BEGIN INFORMATION PROVIDED
lemma Psi_balance_radius_less:
  assumes "0 < L" "0 < r" "r \<noteq> balance_radius L"
  shows "Psi U0 L (balance_radius L) < Psi U0 L r"
  using Psi_strict_antimono[of L r "balance_radius L"] Psi_strict_mono[of L "balance_radius L" r] assms
  by linarith

lemma r_L_eq_balance_radius:
  assumes "0 < L"
  shows "r_L U0 L = balance_radius L"
  unfolding r_L_def
proof (rule the_equality)
  show "0 < balance_radius L \<and> (\<forall>s>0. Psi U0 L (balance_radius L) \<le> Psi U0 L s)"
    using assms balance_radius_pos Psi_balance_radius_less by force
  show "r = balance_radius L" if "0 < r \<and> (\<forall>s>0. Psi U0 L r \<le> Psi U0 L s)" for r
    using that assms balance_radius_pos[OF assms] Psi_balance_radius_less[of L r] by force
qed

lemma interior_OmegaEL:
  assumes "(E, L) \<in> interior (OmegaEL phi U0)"
  shows "0 < L" "E < E0" "\<exists>r>0. Psi U0 L r < E"
proof -
  obtain e where e: "0 < e" "ball (E, L) e \<subseteq> OmegaEL phi U0"
    using assms mem_interior by blast
  have "(E, L - e/2) \<in> ball (E, L) e" "(E - e/2, L) \<in> ball (E, L) e"
    using e by (simp_all add: dist_Pair_Pair dist_real_def)
  then have in_Omega: "(E, L - e/2) \<in> OmegaEL phi U0" "(E - e/2, L) \<in> OmegaEL phi U0"
    using e by auto
  then obtain x v where "L - e/2 = angmom x v" unfolding OmegaEL_def by auto
  moreover have "0 \<le> angmom x v" unfolding angmom_def by simp
  ultimately show L: "0 < L" using e by linarith
  show "E < E0"
    using assms interior_subset phi_pos_imp_less unfolding OmegaEL_def by fastforce
  obtain x v where xv: "E - e/2 = energy U0 x v" "L = angmom x v"
    using in_Omega(2) unfolding OmegaEL_def by auto
  have "x \<noteq> 0" using xv L unfolding angmom_def by auto
  then have x: "0 < norm x" by simp
  \<comment> \<open>\<open>|x \<times> v| \<le> |x| |v|\<close>: the centrifugal term never exceeds the kinetic energy\<close>
  have "L \<le> (norm x * norm v)\<^sup>2"
    using xv(2) norm_cross_dot[of x v] unfolding angmom_def by (smt (verit) zero_le_power2)
  then have "L / (2 * (norm x)\<^sup>2) \<le> (norm v)\<^sup>2 / 2"
    using x by (simp add: divide_simps power_mult_distrib) (simp add: algebra_simps)
  then have "Psi U0 L (norm x) < E" using xv(1) e unfolding Psi_def energy_def by simp
  then show "\<exists>r>0. Psi U0 L r < E" using x by blast
qed
lemma prenormal_snd_expansion:
  fixes x y :: "'r::idom"
  assumes "P = x + d*y^2 + u*y^3" "Q = (1 + v*P)*y + e*P"
  shows "P^2*Q + (C0 + C1*Q)*Q^4 =
      ((x^2*y + K*y^4) + e*(x^3 + y^4) + (C0 - e - K)*y^4)
      + (x*(C0*e^4 + 5*y*C1*e^4 + 4*y*C0*e^3*v + x*C1*e^5) + y*(d^2 - 3*e*d*K + C1
          + 4*C0*e*d - 6*C0*e^2*K + 10*y*C1*e^3 + 12*y*C0*e^2*v + 4*y*C0*e^4*d))*(x^3 + y^4)
      + (x*(v - d^2 + 3*e*d*K - C1 - 4*C0*e*d + 6*C0*e^2*K + 4*C0*e^3) + y*(3*e*d + 6*C0*e^2
          + 3*y*d*v + 3*y*e*u + 10*y*C1*e^2 + 12*y*C0*e*v + 12*y*C0*e^3*d))*(x^2*y + K*y^4)
      + (2*d + 4*C0*e)*(x*y^3)
      + xy4_coeff_snd C0 C1 e d u v K * (x*y^4)
      + (x^0*y^6*(- 3*d*v*K + 2*d*u - 3*e*u*K + e*d^3 + 5*C1*e*d - 10*C1*e^2*K - 10*C1*e^3
            + 4*C0*d*v - 12*C0*e*v*K + 4*C0*e*u - 12*C0*e^2*v
            + 6*C0*e^2*d^2 - 12*C0*e^3*d*K - 4*C0*e^4*d)
        + x^0*y^7*(u^2 + d^3*v + 3*e*d^2*u + 5*C1*d*v + 5*C1*e*u + 10*C1*e^2*d^2 + 4*C0*u*v
            + 12*C0*e*d^2*v + 12*C0*e^2*d*u + 4*C0*e^3*d^3)
        + x^0*y^8*(3*d^2*u*v + 3*e*d*u^2 + 5*C1*u*v + 20*C1*e*d^2*v + 20*C1*e^2*d*u + 10*C1*e^3*d^3
            + 6*C0*d^2*v^2 + 24*C0*e*d*u*v + 6*C0*e^2*u^2 + 12*C0*e^2*d^3*v + 12*C0*e^3*d^2*u
            + C0*e^4*d^4)
        + x^0*y^9*(3*d*u^2*v + e*u^3 + 10*C1*d^2*v^2 + 40*C1*e*d*u*v + 10*C1*e^2*u^2
            + 30*C1*e^2*d^3*v + 30*C1*e^3*d^2*u + 5*C1*e^4*d^4 + 12*C0*d*u*v^2 + 12*C0*e*u^2*v
            + 12*C0*e*d^3*v^2 + 36*C0*e^2*d^2*u*v + 12*C0*e^3*d*u^2 + 4*C0*e^3*d^4*v
            + 4*C0*e^4*d^3*u)
        + x^0*y^10*(u^3*v + 20*C1*d*u*v^2 + 20*C1*e*u^2*v + 30*C1*e*d^3*v^2 + 90*C1*e^2*d^2*u*v
            + 30*C1*e^3*d*u^2 + 20*C1*e^3*d^4*v + 20*C1*e^4*d^3*u + C1*e^5*d^5 + 6*C0*u^2*v^2
            + 4*C0*d^3*v^3 + 36*C0*e*d^2*u*v^2 + 36*C0*e^2*d*u^2*v + 6*C0*e^2*d^4*v^2 + 4*C0*e^3*u^3
            + 16*C0*e^3*d^3*u*v + 6*C0*e^4*d^2*u^2)
        + x^0*y^11*(10*C1*u^2*v^2 + 10*C1*d^3*v^3 + 90*C1*e*d^2*u*v^2 + 90*C1*e^2*d*u^2*v
            + 30*C1*e^2*d^4*v^2 + 10*C1*e^3*u^3 + 80*C1*e^3*d^3*u*v + 30*C1*e^4*d^2*u^2
            + 5*C1*e^4*d^5*v + 5*C1*e^5*d^4*u + 12*C0*d^2*u*v^3 + 36*C0*e*d*u^2*v^2 + 4*C0*e*d^4*v^3
            + 12*C0*e^2*u^3*v + 24*C0*e^2*d^3*u*v^2 + 24*C0*e^3*d^2*u^2*v + 4*C0*e^4*d*u^3)
        + x^0*y^12*(30*C1*d^2*u*v^3 + 90*C1*e*d*u^2*v^2 + 20*C1*e*d^4*v^3 + 30*C1*e^2*u^3*v
            + 120*C1*e^2*d^3*u*v^2 + 120*C1*e^3*d^2*u^2*v + 10*C1*e^3*d^5*v^2 + 20*C1*e^4*d*u^3
            + 25*C1*e^4*d^4*u*v + 10*C1*e^5*d^3*u^2 + 12*C0*d*u^2*v^3 + C0*d^4*v^4 + 12*C0*e*u^3*v^2
            + 16*C0*e*d^3*u*v^3 + 36*C0*e^2*d^2*u^2*v^2 + 16*C0*e^3*d*u^3*v + C0*e^4*u^4)
        + x^0*y^13*(30*C1*d*u^2*v^3 + 5*C1*d^4*v^4 + 30*C1*e*u^3*v^2 + 80*C1*e*d^3*u*v^3
            + 180*C1*e^2*d^2*u^2*v^2 + 10*C1*e^2*d^5*v^3 + 80*C1*e^3*d*u^3*v + 50*C1*e^3*d^4*u*v^2
            + 5*C1*e^4*u^4 + 50*C1*e^4*d^3*u^2*v + 10*C1*e^5*d^2*u^3 + 4*C0*u^3*v^3 + 4*C0*d^3*u*v^4
            + 24*C0*e*d^2*u^2*v^3 + 24*C0*e^2*d*u^3*v^2 + 4*C0*e^3*u^4*v)
        + x^0*y^14*(10*C1*u^3*v^3 + 20*C1*d^3*u*v^4 + 120*C1*e*d^2*u^2*v^3 + 5*C1*e*d^5*v^4
            + 120*C1*e^2*d*u^3*v^2 + 50*C1*e^2*d^4*u*v^3 + 20*C1*e^3*u^4*v + 100*C1*e^3*d^3*u^2*v^2
            + 50*C1*e^4*d^2*u^3*v + 5*C1*e^5*d*u^4 + 6*C0*d^2*u^2*v^4 + 16*C0*e*d*u^3*v^3
            + 6*C0*e^2*u^4*v^2)
        + x^0*y^15*(30*C1*d^2*u^2*v^4 + C1*d^5*v^5 + 80*C1*e*d*u^3*v^3 + 25*C1*e*d^4*u*v^4
            + 30*C1*e^2*u^4*v^2 + 100*C1*e^2*d^3*u^2*v^3 + 100*C1*e^3*d^2*u^3*v^2
            + 25*C1*e^4*d*u^4*v + C1*e^5*u^5 + 4*C0*d*u^3*v^4 + 4*C0*e*u^4*v^3)
        + x^0*y^16*(20*C1*d*u^3*v^4 + 5*C1*d^4*u*v^5 + 20*C1*e*u^4*v^3 + 50*C1*e*d^3*u^2*v^4
            + 100*C1*e^2*d^2*u^3*v^3 + 50*C1*e^3*d*u^4*v^2 + 5*C1*e^4*u^5*v + C0*u^4*v^4)
        + x^0*y^17*(5*C1*u^4*v^4 + 10*C1*d^3*u^2*v^5 + 50*C1*e*d^2*u^3*v^4 + 50*C1*e^2*d*u^4*v^3
            + 10*C1*e^3*u^5*v^2)
        + x^0*y^18*(10*C1*d^2*u^3*v^5 + 25*C1*e*d*u^4*v^4 + 10*C1*e^2*u^5*v^3)
        + x^0*y^19*(5*C1*d*u^4*v^5 + 5*C1*e*u^5*v^4)
        + x^0*y^20*(C1*u^5*v^5)
        + x^1*y^5*(3*d^2*v + 6*e*d*u + 5*C1*v + 20*C1*e^2*d - 5*C1*e^4 + 24*C0*e*d*v
            + 12*C0*e^2*u - 4*C0*e^3*v + 12*C0*e^3*d^2)
        + x^1*y^6*(6*d*u*v + 3*e*u^2 + 40*C1*e*d*v + 20*C1*e^2*u + 30*C1*e^3*d^2 + 12*C0*d*v^2
            + 24*C0*e*u*v + 36*C0*e^2*d^2*v + 24*C0*e^3*d*u + 4*C0*e^4*d^3)
        + x^1*y^7*(3*u^2*v + 20*C1*d*v^2 + 40*C1*e*u*v + 90*C1*e^2*d^2*v + 60*C1*e^3*d*u
            + 20*C1*e^4*d^3 + 12*C0*u*v^2 + 36*C0*e*d^2*v^2 + 72*C0*e^2*d*u*v + 12*C0*e^3*u^2
            + 16*C0*e^3*d^3*v + 12*C0*e^4*d^2*u)
        + x^1*y^8*(20*C1*u*v^2 + 90*C1*e*d^2*v^2 + 180*C1*e^2*d*u*v + 30*C1*e^3*u^2
            + 80*C1*e^3*d^3*v + 60*C1*e^4*d^2*u + 5*C1*e^5*d^4 + 12*C0*d^2*v^3 + 72*C0*e*d*u*v^2
            + 36*C0*e^2*u^2*v + 24*C0*e^2*d^3*v^2 + 48*C0*e^3*d^2*u*v + 12*C0*e^4*d*u^2)
        + x^1*y^9*(30*C1*d^2*v^3 + 180*C1*e*d*u*v^2 + 90*C1*e^2*u^2*v + 120*C1*e^2*d^3*v^2
            + 240*C1*e^3*d^2*u*v + 60*C1*e^4*d*u^2 + 25*C1*e^4*d^4*v + 20*C1*e^5*d^3*u
            + 24*C0*d*u*v^3 + 36*C0*e*u^2*v^2 + 16*C0*e*d^3*v^3 + 72*C0*e^2*d^2*u*v^2
            + 48*C0*e^3*d*u^2*v + 4*C0*e^4*u^3)
        + x^1*y^10*(60*C1*d*u*v^3 + 90*C1*e*u^2*v^2 + 80*C1*e*d^3*v^3 + 360*C1*e^2*d^2*u*v^2
            + 240*C1*e^3*d*u^2*v + 50*C1*e^3*d^4*v^2 + 20*C1*e^4*u^3 + 100*C1*e^4*d^3*u*v
            + 30*C1*e^5*d^2*u^2 + 12*C0*u^2*v^3 + 4*C0*d^3*v^4 + 48*C0*e*d^2*u*v^3
            + 72*C0*e^2*d*u^2*v^2 + 16*C0*e^3*u^3*v)
        + x^1*y^11*(30*C1*u^2*v^3 + 20*C1*d^3*v^4 + 240*C1*e*d^2*u*v^3 + 360*C1*e^2*d*u^2*v^2
            + 50*C1*e^2*d^4*v^3 + 80*C1*e^3*u^3*v + 200*C1*e^3*d^3*u*v^2 + 150*C1*e^4*d^2*u^2*v
            + 20*C1*e^5*d*u^3 + 12*C0*d^2*u*v^4 + 48*C0*e*d*u^2*v^3 + 24*C0*e^2*u^3*v^2)
        + x^1*y^12*(60*C1*d^2*u*v^4 + 240*C1*e*d*u^2*v^3 + 25*C1*e*d^4*v^4 + 120*C1*e^2*u^3*v^2
            + 200*C1*e^2*d^3*u*v^3 + 300*C1*e^3*d^2*u^2*v^2 + 100*C1*e^4*d*u^3*v + 5*C1*e^5*u^4
            + 12*C0*d*u^2*v^4 + 16*C0*e*u^3*v^3)
        + x^1*y^13*(60*C1*d*u^2*v^4 + 5*C1*d^4*v^5 + 80*C1*e*u^3*v^3 + 100*C1*e*d^3*u*v^4
            + 300*C1*e^2*d^2*u^2*v^3 + 200*C1*e^3*d*u^3*v^2 + 25*C1*e^4*u^4*v + 4*C0*u^3*v^4)
        + x^1*y^14*(20*C1*u^3*v^4 + 20*C1*d^3*u*v^5 + 150*C1*e*d^2*u^2*v^4 + 200*C1*e^2*d*u^3*v^3
            + 50*C1*e^3*u^4*v^2)
        + x^1*y^15*(30*C1*d^2*u^2*v^5 + 100*C1*e*d*u^3*v^4 + 50*C1*e^2*u^4*v^3)
        + x^1*y^16*(20*C1*d*u^3*v^5 + 25*C1*e*u^4*v^4)
        + x^1*y^17*(5*C1*u^4*v^5)
        + x^2*y^4*(3*u*v + 20*C1*e*v + 30*C1*e^3*d - C1*e^5 + 6*C0*v^2 + 36*C0*e^2*d*v + 12*C0*e^3*u
            + 6*C0*e^4*d^2)
        + x^2*y^5*(10*C1*v^2 + 90*C1*e^2*d*v + 30*C1*e^3*u + 30*C1*e^4*d^2 + 36*C0*e*d*v^2
            + 36*C0*e^2*u*v + 24*C0*e^3*d^2*v + 12*C0*e^4*d*u)
        + x^2*y^6*(90*C1*e*d*v^2 + 90*C1*e^2*u*v + 120*C1*e^3*d^2*v + 60*C1*e^4*d*u + 10*C1*e^5*d^3
            + 12*C0*d*v^3 + 36*C0*e*u*v^2 + 36*C0*e^2*d^2*v^2 + 48*C0*e^3*d*u*v + 6*C0*e^4*u^2)
        + x^2*y^7*(30*C1*d*v^3 + 90*C1*e*u*v^2 + 180*C1*e^2*d^2*v^2 + 240*C1*e^3*d*u*v
            + 30*C1*e^4*u^2 + 50*C1*e^4*d^3*v + 30*C1*e^5*d^2*u + 12*C0*u*v^3 + 24*C0*e*d^2*v^3
            + 72*C0*e^2*d*u*v^2 + 24*C0*e^3*u^2*v)
        + x^2*y^8*(30*C1*u*v^3 + 120*C1*e*d^2*v^3 + 360*C1*e^2*d*u*v^2 + 120*C1*e^3*u^2*v
            + 100*C1*e^3*d^3*v^2 + 150*C1*e^4*d^2*u*v + 30*C1*e^5*d*u^2 + 6*C0*d^2*v^4
            + 48*C0*e*d*u*v^3 + 36*C0*e^2*u^2*v^2)
        + x^2*y^9*(30*C1*d^2*v^4 + 240*C1*e*d*u*v^3 + 180*C1*e^2*u^2*v^2 + 100*C1*e^2*d^3*v^3
            + 300*C1*e^3*d^2*u*v^2 + 150*C1*e^4*d*u^2*v + 10*C1*e^5*u^3 + 12*C0*d*u*v^4
            + 24*C0*e*u^2*v^3)
        + x^2*y^10*(60*C1*d*u*v^4 + 120*C1*e*u^2*v^3 + 50*C1*e*d^3*v^4 + 300*C1*e^2*d^2*u*v^3
            + 300*C1*e^3*d*u^2*v^2 + 50*C1*e^4*u^3*v + 6*C0*u^2*v^4)
        + x^2*y^11*(30*C1*u^2*v^4 + 10*C1*d^3*v^5 + 150*C1*e*d^2*u*v^4 + 300*C1*e^2*d*u^2*v^3
            + 100*C1*e^3*u^3*v^2)
        + x^2*y^12*(30*C1*d^2*u*v^5 + 150*C1*e*d*u^2*v^4 + 100*C1*e^2*u^3*v^3)
        + x^2*y^13*(30*C1*d*u^2*v^5 + 50*C1*e*u^3*v^4)
        + x^2*y^14*(10*C1*u^3*v^5)
        + x^3*y^3*(30*C1*e^2*v + 20*C1*e^4*d + 12*C0*e*v^2 + 16*C0*e^3*d*v + 4*C0*e^4*u)
        + x^3*y^4*(30*C1*e*v^2 + 80*C1*e^3*d*v + 20*C1*e^4*u + 10*C1*e^5*d^2 + 4*C0*v^3
            + 24*C0*e^2*d*v^2 + 16*C0*e^3*u*v)
        + x^3*y^5*(10*C1*v^3 + 120*C1*e^2*d*v^2 + 80*C1*e^3*u*v + 50*C1*e^4*d^2*v + 20*C1*e^5*d*u
            + 16*C0*e*d*v^3 + 24*C0*e^2*u*v^2)
        + x^3*y^6*(80*C1*e*d*v^3 + 120*C1*e^2*u*v^2 + 100*C1*e^3*d^2*v^2 + 100*C1*e^4*d*u*v
            + 10*C1*e^5*u^2 + 4*C0*d*v^4 + 16*C0*e*u*v^3)
        + x^3*y^7*(20*C1*d*v^4 + 80*C1*e*u*v^3 + 100*C1*e^2*d^2*v^3 + 200*C1*e^3*d*u*v^2
            + 50*C1*e^4*u^2*v + 4*C0*u*v^4)
        + x^3*y^8*(20*C1*u*v^4 + 50*C1*e*d^2*v^4 + 200*C1*e^2*d*u*v^3 + 100*C1*e^3*u^2*v^2)
        + x^3*y^9*(10*C1*d^2*v^5 + 100*C1*e*d*u*v^4 + 100*C1*e^2*u^2*v^3)
        + x^3*y^10*(20*C1*d*u*v^5 + 50*C1*e*u^2*v^4)
        + x^3*y^11*(10*C1*u^2*v^5)
        + x^4*y^2*(20*C1*e^3*v + 5*C1*e^5*d + 6*C0*e^2*v^2)
        + x^4*y^3*(30*C1*e^2*v^2 + 25*C1*e^4*d*v + 5*C1*e^5*u + 4*C0*e*v^3)
        + x^4*y^4*(20*C1*e*v^3 + 50*C1*e^3*d*v^2 + 25*C1*e^4*u*v + C0*v^4)
        + x^4*y^5*(5*C1*v^4 + 50*C1*e^2*d*v^3 + 50*C1*e^3*u*v^2)
        + x^4*y^6*(25*C1*e*d*v^4 + 50*C1*e^2*u*v^3)
        + x^4*y^7*(5*C1*d*v^5 + 25*C1*e*u*v^4)
        + x^4*y^8*(5*C1*u*v^5)
        + x^5*y^1*(5*C1*e^4*v)
        + x^5*y^2*(10*C1*e^3*v^2)
        + x^5*y^3*(10*C1*e^2*v^3)
        + x^5*y^4*(5*C1*e*v^4)
        + x^5*y^5*(C1*v^5))"
  unfolding assms xy4_coeff_snd_def by algebra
END INFORMATION PROVIDED
Among the records above, extract exactly the lines from the line with "25*C1*e*d^4*v^4 + 120*C1*e^2*u^3*v^2" to the line with "72*C0*e^2*d*u*v^2 + 24*C0*e^3*u^2*v)", both lines included, and leave out the rest.

> **COMPLETED EXERCISE**
        + x^1*y^12*(60*C1*d^2*u*v^4 + 240*C1*e*d*u^2*v^3 + 25*C1*e*d^4*v^4 + 120*C1*e^2*u^3*v^2
            + 200*C1*e^2*d^3*u*v^3 + 300*C1*e^3*d^2*u^2*v^2 + 100*C1*e^4*d*u^3*v + 5*C1*e^5*u^4
            + 12*C0*d*u^2*v^4 + 16*C0*e*u^3*v^3)
        + x^1*y^13*(60*C1*d*u^2*v^4 + 5*C1*d^4*v^5 + 80*C1*e*u^3*v^3 + 100*C1*e*d^3*u*v^4
            + 300*C1*e^2*d^2*u^2*v^3 + 200*C1*e^3*d*u^3*v^2 + 25*C1*e^4*u^4*v + 4*C0*u^3*v^4)
        + x^1*y^14*(20*C1*u^3*v^4 + 20*C1*d^3*u*v^5 + 150*C1*e*d^2*u^2*v^4 + 200*C1*e^2*d*u^3*v^3
            + 50*C1*e^3*u^4*v^2)
        + x^1*y^15*(30*C1*d^2*u^2*v^5 + 100*C1*e*d*u^3*v^4 + 50*C1*e^2*u^4*v^3)
        + x^1*y^16*(20*C1*d*u^3*v^5 + 25*C1*e*u^4*v^4)
        + x^1*y^17*(5*C1*u^4*v^5)
        + x^2*y^4*(3*u*v + 20*C1*e*v + 30*C1*e^3*d - C1*e^5 + 6*C0*v^2 + 36*C0*e^2*d*v + 12*C0*e^3*u
            + 6*C0*e^4*d^2)
        + x^2*y^5*(10*C1*v^2 + 90*C1*e^2*d*v + 30*C1*e^3*u + 30*C1*e^4*d^2 + 36*C0*e*d*v^2
            + 36*C0*e^2*u*v + 24*C0*e^3*d^2*v + 12*C0*e^4*d*u)
        + x^2*y^6*(90*C1*e*d*v^2 + 90*C1*e^2*u*v + 120*C1*e^3*d^2*v + 60*C1*e^4*d*u + 10*C1*e^5*d^3
            + 12*C0*d*v^3 + 36*C0*e*u*v^2 + 36*C0*e^2*d^2*v^2 + 48*C0*e^3*d*u*v + 6*C0*e^4*u^2)
        + x^2*y^7*(30*C1*d*v^3 + 90*C1*e*u*v^2 + 180*C1*e^2*d^2*v^2 + 240*C1*e^3*d*u*v
            + 30*C1*e^4*u^2 + 50*C1*e^4*d^3*v + 30*C1*e^5*d^2*u + 12*C0*u*v^3 + 24*C0*e*d^2*v^3
            + 72*C0*e^2*d*u*v^2 + 24*C0*e^3*u^2*v)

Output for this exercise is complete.